### [SUPPLIED DATA]
(* Let ${\cal G}$ be a closed graph, $\nu>2$, and $f\in C^1_{\rm Dir}({\cal G})$ with $\int f\,d{\cal V}=0$. Then $$\|\nabla f\|_2\ge\bigl(\widetilde I_\nu({\cal G})\rho_{\sup}^{-1/2}/2\bigr)\,\|f\|_2^{1+(2/\nu)}\,\|f\|_1^{-2/\nu}.$$
   Context: A closed graph ${\cal G}$ consists of a finite undirected graph $(V,E)$ (multiple edges, self-loops allowed), edge lengths $\ell_e>0$, empty boundary, a vertex measure ${\cal V}$ (supported on $V$, ${\cal V}(v)>0$) and an edge measure ${\cal E}$ (zero on vertices, $a_e>0$ times Lebesgue measure on the interior of edge $e$); ${\cal G}$ is identified with its geometric realization (closed interval of length $\ell_e$ joining the endpoints of each $e$). $C^1_{\rm Dir}({\cal G})$: continuous functions, uniformly continuously differentiable on each open edge. $\|f\|_q$ are $L^q({\cal V})$ norms; $\|\nabla f\|_2$ is the $L^2({\cal E})$ norm of $|\nabla f|$. $\rho_{\sup}=\max_v{\cal V}(v)^{-1}\sum_{e\ni v}{\cal E}(e)/2$. For open $\Omega$ with finite boundary, ${\cal A}(\partial\Omega)=\sum_{x\in\partial\Omega\setminus V}a_{e(x)}+\sum_{v\in\partial\Omega\cap V}\sum_{e:\,v\in\overline{\Omega\cap e^\circ}}a_e$ ($e(x)$ the edge containing $x$, $e^\circ$ open interior of $e$). $\widetilde I_\nu({\cal G})=\inf_\Omega{\cal A}(\partial\Omega)\min({\cal V}(\Omega),{\cal V}(\complement\Omega))^{(1/\nu)-1}$ over open $\Omega$ with finite boundary. *)

theory Defs
  imports "HOL-Analysis.Analysis"
begin

text \<open>Combinatorial data of a closed graph: vertex set, edge set, endpoints of
  each edge (multiple edges and self-loops allowed), edge lengths, vertex
  measure weights and edge-measure densities a_e.\<close>
record ('v, 'e) cgraph =
  verts :: "'v set"
  edges :: "'e set"
  src   :: "'e \<Rightarrow> 'v"
  tgt   :: "'e \<Rightarrow> 'v"
  len   :: "'e \<Rightarrow> real"
  vmeas :: "'v \<Rightarrow> real"
  ewt   :: "'e \<Rightarrow> real"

### [WORK REQUEST]
The records above must be printed again in full, exactly as written.

### [COMPLETED TASK]
(* Let ${\cal G}$ be a closed graph, $\nu>2$, and $f\in C^1_{\rm Dir}({\cal G})$ with $\int f\,d{\cal V}=0$. Then $$\|\nabla f\|_2\ge\bigl(\widetilde I_\nu({\cal G})\rho_{\sup}^{-1/2}/2\bigr)\,\|f\|_2^{1+(2/\nu)}\,\|f\|_1^{-2/\nu}.$$
   Context: A closed graph ${\cal G}$ consists of a finite undirected graph $(V,E)$ (multiple edges, self-loops allowed), edge lengths $\ell_e>0$, empty boundary, a vertex measure ${\cal V}$ (supported on $V$, ${\cal V}(v)>0$) and an edge measure ${\cal E}$ (zero on vertices, $a_e>0$ times Lebesgue measure on the interior of edge $e$); ${\cal G}$ is identified with its geometric realization (closed interval of length $\ell_e$ joining the endpoints of each $e$). $C^1_{\rm Dir}({\cal G})$: continuous functions, uniformly continuously differentiable on each open edge. $\|f\|_q$ are $L^q({\cal V})$ norms; $\|\nabla f\|_2$ is the $L^2({\cal E})$ norm of $|\nabla f|$. $\rho_{\sup}=\max_v{\cal V}(v)^{-1}\sum_{e\ni v}{\cal E}(e)/2$. For open $\Omega$ with finite boundary, ${\cal A}(\partial\Omega)=\sum_{x\in\partial\Omega\setminus V}a_{e(x)}+\sum_{v\in\partial\Omega\cap V}\sum_{e:\,v\in\overline{\Omega\cap e^\circ}}a_e$ ($e(x)$ the edge containing $x$, $e^\circ$ open interior of $e$). $\widetilde I_\nu({\cal G})=\inf_\Omega{\cal A}(\partial\Omega)\min({\cal V}(\Omega),{\cal V}(\complement\Omega))^{(1/\nu)-1}$ over open $\Omega$ with finite boundary. *)

theory Defs
  imports "HOL-Analysis.Analysis"
begin

text \<open>Combinatorial data of a closed graph: vertex set, edge set, endpoints of
  each edge (multiple edges and self-loops allowed), edge lengths, vertex
  measure weights and edge-measure densities a_e.\<close>
record ('v, 'e) cgraph =
  verts :: "'v set"
  edges :: "'e set"
  src   :: "'e \<Rightarrow> 'v"
  tgt   :: "'e \<Rightarrow> 'v"
  len   :: "'e \<Rightarrow> real"
  vmeas :: "'v \<Rightarrow> real"
  ewt   :: "'e \<Rightarrow> real"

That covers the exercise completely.